Question

For lab, I need to prepare 25 mL of complete lysis buffer. I am provided with 1 M Tris, 5 M NaCl, 1 M MgCl_2, lysozyme, and DNase.

Our complete lysis buffer contains all of the following components: 50 mM Tris, 150 mM NaCl, 2 mM MgCl₂, 0.5 mg/mL lysozyme, and 0.04 uL/mL DNase.

Plan and calculate exactly how to make the complete lysis buffer.

*My instructor recommended getting the amount of lysozyme needed into a solution to make it easier to combine with the other components.

Answer 1

Ans. Use the following equation-               C1V1 = C2V2            - equation 1

            Where, C1 = concentration; V1 = Volume           - stock solution

                        C2 = Concertation;   V2 = Volume           - final/diluted solution

V2 in all cases is to be made upto 25.0 mL.

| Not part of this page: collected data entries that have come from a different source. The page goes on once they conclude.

text \<open>Let y be the first vertex of Q lying on P: going out along P to y and
  back along Q closes a cycle through x.\<close>

lemma cycle_from_diverging_paths:
  assumes sym: "symp E"
    and walk_P: "is_walk V E (x # P)" and walk_Q: "is_walk V E (x # Q)"
    and dist_P: "distinct (x # P)" and dist_Q: "distinct (x # Q)"
    and "P \<noteq> []" "Q \<noteq> []" "last P = last Q" "hd P \<noteq> hd Q"
  obtains c where "is_cycle V E c" "length c \<le> length P + length Q"
proof -
  define A where "A = takeWhile (\<lambda>v. v \<notin> set P) Q"
  have "last Q \<in> set P"
    using \<open>P \<noteq> []\<close> \<open>last P = last Q\<close> by (metis last_in_set)
  then have "dropWhile (\<lambda>v. v \<notin> set P) Q \<noteq> []"
    using \<open>Q \<noteq> []\<close> by (metis dropWhile_eq_Nil_conv last_in_set)
  then obtain y R where Q_eq: "Q = A @ y # R" and "y \<in> set P"
    unfolding A_def by (metis takeWhile_dropWhile_id hd_dropWhile list.exhaust_sel)
  then obtain B C where P_eq: "P = B @ y # C"
    by (meson split_list)
  have A_disj: "set A \<inter> set P = {}"
    unfolding A_def by (auto dest: set_takeWhileD)
  define c where "c = x # B @ y # rev A"
  have "is_walk V E (x # B @ [y])"
    using is_walk_appendD1[of V E "x # B @ [y]" C] walk_P by (simp add: P_eq)
  moreover have "is_walk V E (x # A @ [y])"
    using is_walk_appendD1[of V E "x # A @ [y]" R] walk_Q by (simp add: Q_eq)
  then have "is_walk V E (y # rev A @ [x])"
    using is_walk_rev[OF sym] by fastforce
  ultimately have "is_walk V E (c @ [hd c])"
    using is_walk_join[of V E "x # B" y "rev A @ [x]"] by (simp add: c_def)
  moreover have "distinct c"
    using dist_P dist_Q A_disj by (auto simp: c_def P_eq Q_eq)
  moreover have "3 \<le> length c"
    using \<open>hd P \<noteq> hd Q\<close> by (cases A; cases B) (auto simp: c_def P_eq Q_eq)
  ultimately have "is_cycle V E c"
    by (simp add: is_cycle_iff_closed_walk)
  moreover have "length c \<le> length P + length Q"
    by (simp add: c_def P_eq Q_eq)
  ultimately show ?thesis using that by blast
qed
(* The underlying complete separable metric space is a type of class polish_space,
   with d_X = dist; mu is a finite (nonnegative) Borel measure on it. *)
definition mm_measure :: "'a::polish_space measure \<Rightarrow> bool" where
  "mm_measure \<mu> \<longleftrightarrow> sets \<mu> = sets borel \<and> finite_measure \<mu>"

definition entropy :: "(real \<Rightarrow> ereal) \<Rightarrow> bool" where
  "entropy \<phi> \<longleftrightarrow>
     (\<forall>x\<ge>0. \<phi> x \<ge> 0) \<and> \<phi> 1 = 0 \<and>
     (\<forall>x y t. x \<ge> 0 \<longrightarrow> y \<ge> 0 \<longrightarrow> 0 \<le> t \<longrightarrow> t \<le> 1 \<longrightarrow>
        \<phi> (t * x + (1 - t) * y) \<le> ereal t * \<phi> x + ereal (1 - t) * \<phi> y) \<and>
     (\<forall>x\<ge>0. \<forall>xs. (\<forall>n. xs n \<ge> 0) \<longrightarrow> xs \<longlonglongrightarrow> x \<longrightarrow> \<phi> x \<le> liminf (\<lambda>n. \<phi> (xs n)))"

definition phi_rec :: "(real \<Rightarrow> ereal) \<Rightarrow> ereal" where
  "phi_rec \<phi> = Lim at_top (\<lambda>r. \<phi> r / ereal r)"

definition rev_entropy :: "(real \<Rightarrow> ereal) \<Rightarrow> real \<Rightarrow> ereal" where
  "rev_entropy \<phi> r = (if r = 0 then phi_rec \<phi> else ereal r * \<phi> (1 / r))"

definition Lc :: "(real \<Rightarrow> ereal) \<Rightarrow> real \<Rightarrow> real \<Rightarrow> real \<Rightarrow> ereal" where
  "Lc \<phi> c r s = ereal c + rev_entropy \<phi> r + rev_entropy \<phi> s"

(* H_c(r,s) = inf_{theta \<ge> 0} theta L_c(r/theta, s/theta), the value at theta = 0 being
   psi'_\<infinity> (r+s) = phi(0) (r+s) *)
definition Hc :: "(real \<Rightarrow> ereal) \<Rightarrow> real \<Rightarrow> real \<Rightarrow> real \<Rightarrow> ereal" where
  "Hc \<phi> c r s = min (\<phi> 0 * ereal (r + s))
                     (INF \<theta>\<in>{0<..}. ereal \<theta> * Lc \<phi> c (r / \<theta>) (s / \<theta>))"

definition distance_on :: "real set \<Rightarrow> (real \<Rightarrow> real \<Rightarrow> real) \<Rightarrow> bool" where
  "distance_on S \<Delta> \<longleftrightarrow>
     (\<forall>a\<in>S. \<forall>b\<in>S. \<Delta> a b \<ge> 0 \<and> (\<Delta> a b = 0 \<longleftrightarrow> a = b) \<and> \<Delta> a b = \<Delta> b a) \<and>
     (\<forall>a\<in>S. \<forall>b\<in>S. \<forall>c\<in>S. \<Delta> a c \<le> \<Delta> a b + \<Delta> b c)"

definition Dq :: "(real \<Rightarrow> ereal) \<Rightarrow> (real \<Rightarrow> real) \<Rightarrow> (real \<Rightarrow> real \<Rightarrow> real) \<Rightarrow> real
                  \<Rightarrow> real \<Rightarrow> real \<Rightarrow> real \<Rightarrow> real \<Rightarrow> ereal" where
  "Dq \<phi> lam \<Delta> p a u b v = Hc \<phi> (lam (\<Delta> a b)) (u powr p) (v powr p)"

(* ---------- cones ----------
   A point [x,r] of C[X] is represented by the pair (x,r) with r \<ge> 0.
   Measures on C[X] x C[Y] are represented by Borel measures on (X x R) x (Y x R)
   concentrated on {r \<ge> 0, s \<ge> 0}. *)
type_synonym ('a, 'b) conepair = "('a \<times> real) \<times> ('b \<times> real)"

(* M_+(C[X] x C[Y]) : positive (sigma-finite, cf. Radon) Borel measures on the cone product *)
definition Mplus :: "('a::polish_space, 'b::polish_space) conepair measure \<Rightarrow> bool" where
  "Mplus \<alpha> \<longleftrightarrow> sets \<alpha> = sets borel \<and> sigma_finite_measure \<alpha> \<and>
     (AE z in \<alpha>. snd (fst z) \<ge> 0 \<and> snd (snd z) \<ge> 0)"

definition Up :: "real \<Rightarrow> 'a::polish_space measure \<Rightarrow> 'b::polish_space measure
                  \<Rightarrow> ('a, 'b) conepair measure \<Rightarrow> bool" where
  "Up p \<mu> \<nu> \<alpha> \<longleftrightarrow> Mplus \<alpha> \<and>
     (\<forall>\<xi>::'a \<Rightarrow> real. continuous_on UNIV \<xi> \<and> bounded (range \<xi>) \<longrightarrow>
        integrable \<alpha> (\<lambda>z. \<xi> (fst (fst z)) * snd (fst z) powr p) \<and>
        (\<integral>z. \<xi> (fst (fst z)) * snd (fst z) powr p \<partial>\<alpha>) = (\<integral>x. \<xi> x \<partial>\<mu>)) \<and>
     (\<forall>\<zeta>::'b \<Rightarrow> real. continuous_on UNIV \<zeta> \<and> bounded (range \<zeta>) \<longrightarrow>
        integrable \<alpha> (\<lambda>z. \<zeta> (fst (snd z)) * snd (snd z) powr p) \<and>
        (\<integral>z. \<zeta> (fst (snd z)) * snd (snd z) powr p \<partial>\<alpha>) = (\<integral>y. \<zeta> y \<partial>\<nu>))"

definition gw_cost :: "(real \<Rightarrow> ereal) \<Rightarrow> (real \<Rightarrow> real) \<Rightarrow> (real \<Rightarrow> real \<Rightarrow> real) \<Rightarrow> real
     \<Rightarrow> ('a::metric_space, 'b::metric_space) conepair \<Rightarrow> ('a, 'b) conepair \<Rightarrow> ereal" where
  "gw_cost \<phi> lam \<Delta> p z z' =
     (case z of ((x, r), (y, s)) \<Rightarrow> case z' of ((x', r'), (y', s')) \<Rightarrow>
        Dq \<phi> lam \<Delta> p (dist x x') (r * r') (dist y y') (s * s'))"

(* H(alpha) = \<integral>\<integral> gw_cost d alpha(z) d alpha(z'); the (possibly sign-changing, extended-real)
   integrand is integrated as positive part minus negative part (each an iterated
   nonnegative integral). *)
definition Hfun :: "(real \<Rightarrow> ereal) \<Rightarrow> (real \<Rightarrow> real) \<Rightarrow> (real \<Rightarrow> real \<Rightarrow> real) \<Rightarrow> real
     \<Rightarrow> ('a::metric_space, 'b::metric_space) conepair measure \<Rightarrow> ereal" where
  "Hfun \<phi> lam \<Delta> p \<alpha> =
     enn2ereal (\<integral>\<^sup>+z'. \<integral>\<^sup>+z. e2ennreal (max 0 (gw_cost \<phi> lam \<Delta> p z z')) \<partial>\<alpha> \<partial>\<alpha>)
   - enn2ereal (\<integral>\<^sup>+z'. \<integral>\<^sup>+z. e2ennreal (max 0 (- gw_cost \<phi> lam \<Delta> p z z')) \<partial>\<alpha> \<partial>\<alpha>)"

definition hdil :: "(('a, 'b) conepair \<Rightarrow> real) \<Rightarrow> ('a, 'b) conepair \<Rightarrow> ('a, 'b) conepair" where
  "hdil v z = (case z of ((x, r), (y, s)) \<Rightarrow> ((x, r / v z), (y, s / v z)))"

definition dil :: "real \<Rightarrow> (('a::polish_space, 'b::polish_space) conepair \<Rightarrow> real)
                   \<Rightarrow> ('a, 'b) conepair measure \<Rightarrow> ('a, 'b) conepair measure" where
  "dil p v \<alpha> = distr (density \<alpha> (\<lambda>z. ennreal (v z powr p))) borel (hdil v)"

end

(* Dilation divides the radii of a pair of cone points by w = v z and reweights by w^p.  The
   marginal constraints only see r^p d\<alpha>, which is invariant because (r/w)^p w^p = r^p.  The cost
   of two pairs depends on the radii only through H at (r r')^p and (s s')^p, and H is positively
   1-homogeneous (substitute \<theta> \<mapsto> t \<theta> in its infimum); so the cost is multiplied by
   (w w')^(-p), which exactly cancels the density w^p w'^p of the product of the dilated measure with
   itself.  The one technical point is that the dilated measure is again \<sigma>-finite: off the cone tips
   this follows from the finite p-th moments by Markov's inequality, and on the tips the dilation
   map is the identity. *)

theory Submission
  imports Defs
begin

lemma ereal_mult_INF:
  assumes "c > 0"
  shows "ereal c * (INF x\<in>S. f x) = (INF x\<in>S. ereal c * f x)"
  using ereal_Inf_cmult[OF assms, of "\<lambda>y. y \<in> f ` S"] by (simp add: setcompr_eq_image image_image)

lemma ereal_mult_min:
  assumes "c > 0"
  shows "ereal c * min a b = min (ereal c * a) (ereal c * b)"
  using assms by (intro min_of_mono[symmetric]) (simp add: mono_def ereal_mult_left_mono)

lemma Hc_scale:
  assumes t: "t > 0"
  shows "Hc \<phi> c (t * a) (t * b) = ereal t * Hc \<phi> c a b"
proof -
  have img: "(\<lambda>\<theta>. t * \<theta>) ` {0<..} = ({0<..} :: real set)"
    using t by (auto simp: image_iff intro!: bexI[of _ "x / t" for x])
  have "(INF \<theta>\<in>{0<..}. ereal \<theta> * Lc \<phi> c (t * a / \<theta>) (t * b / \<theta>))
      = (INF \<theta>\<in>(\<lambda>\<theta>. t * \<theta>) ` {0<..}. ereal \<theta> * Lc \<phi> c (t * a / \<theta>) (t * b / \<theta>))"
    unfolding img ..
  also have "\<dots> = (INF \<theta>\<in>{0<..}. ereal (t * \<theta>) * Lc \<phi> c (t * a / (t * \<theta>)) (t * b / (t * \<theta>)))"
    by (simp only: INF_image comp_def)
  also have "\<dots> = (INF \<theta>\<in>{0<..}. ereal t * (ereal \<theta> * Lc \<phi> c (a / \<theta>) (b / \<theta>)))"
    using t by (intro INF_cong) (simp_all add: mult.assoc flip: times_ereal.simps(1))
  also have "\<dots> = ereal t * (INF \<theta>\<in>{0<..}. ereal \<theta> * Lc \<phi> c (a / \<theta>) (b / \<theta>))"
    using t by (rule ereal_mult_INF[symmetric])
  finally have inf_part: "(INF \<theta>\<in>{0<..}. ereal \<theta> * Lc \<phi> c (t * a / \<theta>) (t * b / \<theta>))
      = ereal t * (INF \<theta>\<in>{0<..}. ereal \<theta> * Lc \<phi> c (a / \<theta>) (b / \<theta>))" .
  have "\<phi> 0 * ereal (t * a + t * b) = ereal t * (\<phi> 0 * ereal (a + b))"
    by (metis distrib_left mult.left_commute times_ereal.simps(1))
  then show ?thesis
    unfolding Hc_def inf_part using t by (simp add: ereal_mult_min)
qed

lemma hdil_components [simp]:
  "fst (fst (hdil v z)) = fst (fst z)" "snd (fst (hdil v z)) = snd (fst z) / v z"
  "fst (snd (hdil v z)) = fst (snd z)" "snd (snd (hdil v z)) = snd (snd z) / v z"
  by (cases z; auto simp: hdil_def)+

lemma gw_cost_altdef:
  "gw_cost \<phi> lam \<Delta> p z z' = Hc \<phi> (lam (\<Delta> (dist (fst (fst z)) (fst (fst z'))) (dist (fst (snd z)) (fst (snd z')))))
     ((snd (fst z) * snd (fst z')) powr p) ((snd (snd z) * snd (snd z')) powr p)"
  by (simp add: gw_cost_def Dq_def split: prod.split)

lemma gw_cost_hdil:
  fixes z z' :: "('a::metric_space, 'b::metric_space) conepair"
  assumes "snd (fst z) \<ge> 0" "snd (snd z) \<ge> 0" "snd (fst z') \<ge> 0" "snd (snd z') \<ge> 0"
    and w: "v z > 0" "v z' > 0"
  shows "gw_cost \<phi> lam \<Delta> p (hdil v z) (hdil v z')
       = ereal (inverse (v z powr p * v z' powr p)) * gw_cost \<phi> lam \<Delta> p z z'"
proof -
  define k where "k = inverse (v z powr p * v z' powr p)"
  have k: "k > 0"
    using w by (simp add: k_def)
  have scale: "(a / v z * (a' / v z')) powr p = k * (a * a') powr p"
    if "a \<ge> 0" "a' \<ge> 0" for a a'
    using that w by (simp add: k_def times_divide_times_eq powr_divide powr_mult field_simps)
  show ?thesis
    unfolding gw_cost_altdef hdil_components scale[OF assms(1,3)] scale[OF assms(2,4)] Hc_scale[OF k]
    by (simp add: k_def)
qed

lemma e2ennreal_max_0_mult:
  assumes "c > 0"
  shows "e2ennreal (max 0 (ereal c * G)) = ennreal c * e2ennreal (max 0 G)"
  using assms
  by (cases G) (auto simp: max_def ennreal_mult_top zero_le_mult_iff zero_ereal_def simp flip: ennreal_mult')

lemma e2ennreal_max_0_rescale:
  assumes "w > 0" "w' > 0" and "G' = ereal (inverse (w * w')) * G"
  shows "ennreal w' * (ennreal w * e2ennreal (max 0 G')) = e2ennreal (max 0 G)"
proof -
  have "ennreal w' * (ennreal w * ennreal (inverse (w * w'))) = 1"
    using assms by (simp flip: ennreal_mult'' add: field_simps)
  then show ?thesis
    using assms by (simp add: e2ennreal_max_0_mult mult.assoc[symmetric])
qed

lemma measurable_cone_coords [measurable]:
  "(\<lambda>z::('a::polish_space, 'b::polish_space) conepair. fst (fst z)) \<in> borel_measurable borel"
  "(\<lambda>z::('a, 'b) conepair. snd (fst z)) \<in> borel_measurable borel"
  "(\<lambda>z::('a, 'b) conepair. fst (snd z)) \<in> borel_measurable borel"
  "(\<lambda>z::('a, 'b) conepair. snd (snd z)) \<in> borel_measurable borel"
  by (intro borel_measurable_continuous_onI continuous_intros)+

lemma measurable_hdil [measurable]:
  fixes v :: "('a::polish_space, 'b::polish_space) conepair \<Rightarrow> real"
  assumes [measurable]: "v \<in> borel_measurable borel"
  shows "hdil v \<in> borel \<rightarrow>\<^sub>M borel"
proof -
  have "(\<lambda>z. ((fst (fst z), snd (fst z) / v z), (fst (snd z), snd (snd z) / v z)))
      \<in> borel \<rightarrow>\<^sub>M (borel \<Otimes>\<^sub>M borel) \<Otimes>\<^sub>M (borel \<Otimes>\<^sub>M borel)"
    by measurable
  moreover have "hdil v = (\<lambda>z. ((fst (fst z), snd (fst z) / v z), (fst (snd z), snd (snd z) / v z)))"
    by (simp add: fun_eq_iff prod_eq_iff)
  ultimately show ?thesis
    by (simp add: borel_prod)
qed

#1. Required amount of Tris buffer

Given,

            C1 = 1.0 M    

            C2 = 50 mM = 0.050 mM                           ; [1 mM = 0.001 M]

Putting the values in equation 1 -

1. M x V1 = 0.050 M x 25.0 mL

Or, V1 = (0.050 M x 25.0 mL) / 1.0 M = 1.25 mL

So, required volume of 1.0 M tris buffer stock = 1.25 mL

#2. Required amount of NaCl

Given,

            C1 = 5.0 M

C2 = 150 mM = 0.150 mM                        

Putting the values in equation 1 -

V1 = (0.150 M x 25.0 mL) / 5.0 M = 0.75 mL

#3. Required amount of MgCl2

Given,

            C1 = 1.0 M

C2 = 2 mM = 0.002 mM                             

Putting the values in equation 1 -

V1 = (0.002 M x 25.0 mL) / 1.0 M = 0.05 mL

#4. Required amount of lysozyme

Note: [Lysosome] in its stock is NOT mentioned. Let it be X mg/mL

Given,

            C1 = X mg/ mL

C2 = 0.5 mg/ mL                 

Putting the values in equation 1-

V1 = (0.5 mg mL^-1 x 25.0 mL) / X mg mL^-1 = (12.5 / X) mL

## If lysosome is provided in form of lyophilized powder:

Mass of lysozyme required = desired [lysozyme] x Vol. of lysis buffer

                                                = (0.5 mg/ mL) X 25 mL

                                                = 12.5 mg

So, add 12.5 mL of lyophilized lysozyme to the lytic buffer.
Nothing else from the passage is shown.